I run my home server through an AI agent. Not a chatbot that answers questions — an agent that has access to the terminal, can read files, search the web, and take actions. It's like having a sysadmin who never sleeps.
What is an AI agent?
An AI agent is an LLM (large language model) wrapped in a loop that gives it tools:
- Terminal access: Run commands, inspect logs, restart services
- File system: Read and write files
- Web search: Look up documentation, find solutions
- Memory: Remember preferences, past decisions, and context across sessions
- Task execution: Accept multi-step goals and work through them autonomously
A chatbot tells you how to fix something. An agent fixes it.
How I use it
I interact with my agent through a CLI or a web UI. Example sessions:
$ hermes "check why the game server isn't responding"

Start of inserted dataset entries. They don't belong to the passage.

definition paths :: "nat \<Rightarrow> nat \<Rightarrow> (bool \<times> nat) list set" where
  "paths n k = {s. length s = n \<and> lbp_valid 0 s \<and> lbp_end 0 s = k}"

lemma finite_paths: "finite (paths n k)"
proof (rule finite_subset)
  show "paths n k \<subseteq> {s. set s \<subseteq> UNIV \<times> {0..n} \<and> length s = n}"
    unfolding paths_def using lbp_label_bound[where h = 0] by fastforce
  show "finite {s. set s \<subseteq> (UNIV :: bool set) \<times> {0..n} \<and> length s = n}"
    by (rule finite_lists_length_eq) simp
qed

lemma paths_Suc:
  "paths (Suc n) k =
     (\<lambda>(s, l). s @ [(True, l)]) ` (paths n (k - 1) \<times> {0..<k}) \<union>
     (\<lambda>(s, l). s @ [(False, l)]) ` (paths n (k + 1) \<times> {0..k})"
    (is "_ = ?Up \<union> ?Down")
proof (intro set_eqI iffI)
  fix t assume t: "t \<in> paths (Suc n) k"
  then have "t \<noteq> []" by (auto simp: paths_def)
  then obtain s u l where ts: "t = s @ [(u, l)]" by (metis prod.exhaust rev_exhaust)
  show "t \<in> ?Up \<union> ?Down"
  proof (cases u)
    case True
    then have "(s, l) \<in> paths n (k - 1) \<times> {0..<k}" using t ts by (auto simp: paths_def lbp_snoc)
    then show ?thesis using ts True by force
  next
    case False
    then have "(s, l) \<in> paths n (k + 1) \<times> {0..k}" using t ts by (auto simp: paths_def lbp_snoc)
    then show ?thesis using ts False by force
  qed
qed (auto simp: paths_def lbp_snoc)

lemma B_0: "B 0 k = (if k = 0 then 1 else 0)"
  by (simp add: B_def cong: conj_cong)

→ Agent: SSHes into the server, checks the Docker logs, finds a port conflict,
restarts the container, and reports back with the root cause.
The agent handles:
- Diagnostics — "Why is disk usage high?" → finds large files, suggests cleanup
- Deployments — "Deploy the updated dashboard" → builds, uploads, verifies
- Backup checks — "Verify Syncthing is running" → checks status, reports
- Config changes — "Add a new subdomain" → creates DNS record, updates config
- Research — "Find the best way to mount an exFAT USB drive" → searches, implements
Without an agent, each of these tasks means: context-switch → SSH → remember the command → type it out → interpret output → switch back. With an agent, it's one sentence.
Guardrails matter
Giving an LLM terminal access sounds reckless — and it can be, without proper guardrails. The setup I use has several safety layers:
1. Confirmation prompts for dangerous actions
The agent can read and search freely, but destructive operations (deleting files, restarting services, modifying configs) require approval. This is enforced at the tool level — the agent can't bypass it.
2. Read-only by default
The agent's default mode is read-only: inspect logs, check status, query databases. Writing requires explicit intent from me or a pre-approved workflow.
3. Session isolation
Each conversation is a fresh sandbox. The agent doesn't carry state between sessions unless it explicitly saves something to memory. No lingering context from a previous task polluting a new one.
4. No autonomous posting or purchasing
The agent cannot post to the internet, make purchases, or change DNS records without my explicit approval. These are hard-blocked at the system level, not just polite suggestions.
5. Persona constraints
The agent is configured to be direct and concise. No sycophancy, no hype, no over-explaining. If something is a bad idea, it says so — and backs it up with evidence.
Why not just use a script?
Because every situation is slightly different. A script handles one case; an agent adapts. When a container fails to start, the root cause might be a port conflict, a corrupted volume, a resource limit, or a config syntax error. A script checks one thing. An agent checks all of them, searches for unfamiliar errors, and triages.
The agent is also state-aware. It remembers that I prefer hyphens over slashes in naming, that I use Cloudflare Pages for static sites, that certain services are private and must never be mentioned publicly. This isn't hardcoded — it's learned from our interactions and stored in memory.
The trade-offs
- Latency: Each action takes 3–10 seconds for the LLM to process. For quick checks, a direct command is faster.
- Cost: Cloud LLM APIs cost money. Running locally is free but slower with smaller models.
- Overhead: The agent loop (think → act → observe → repeat) uses more tokens than a simple Q&A. For complex tasks this is fine; for "what's the weather" it's overkill.
- Trust: You need to verify the agent's work for critical operations. It's like a junior sysadmin — capable but needs oversight.
Should you use one?
If you manage more than a couple of servers, yes. The time savings compound fast. Five "check the logs" requests a day add up to 15 minutes of context-switching. An agent handles all five in one interaction.
If you're curious, try a local setup first. Run a small model via Ollama and use one of the open-source agent frameworks. See if the workflow clicks. The barrier to entry is lower than you think.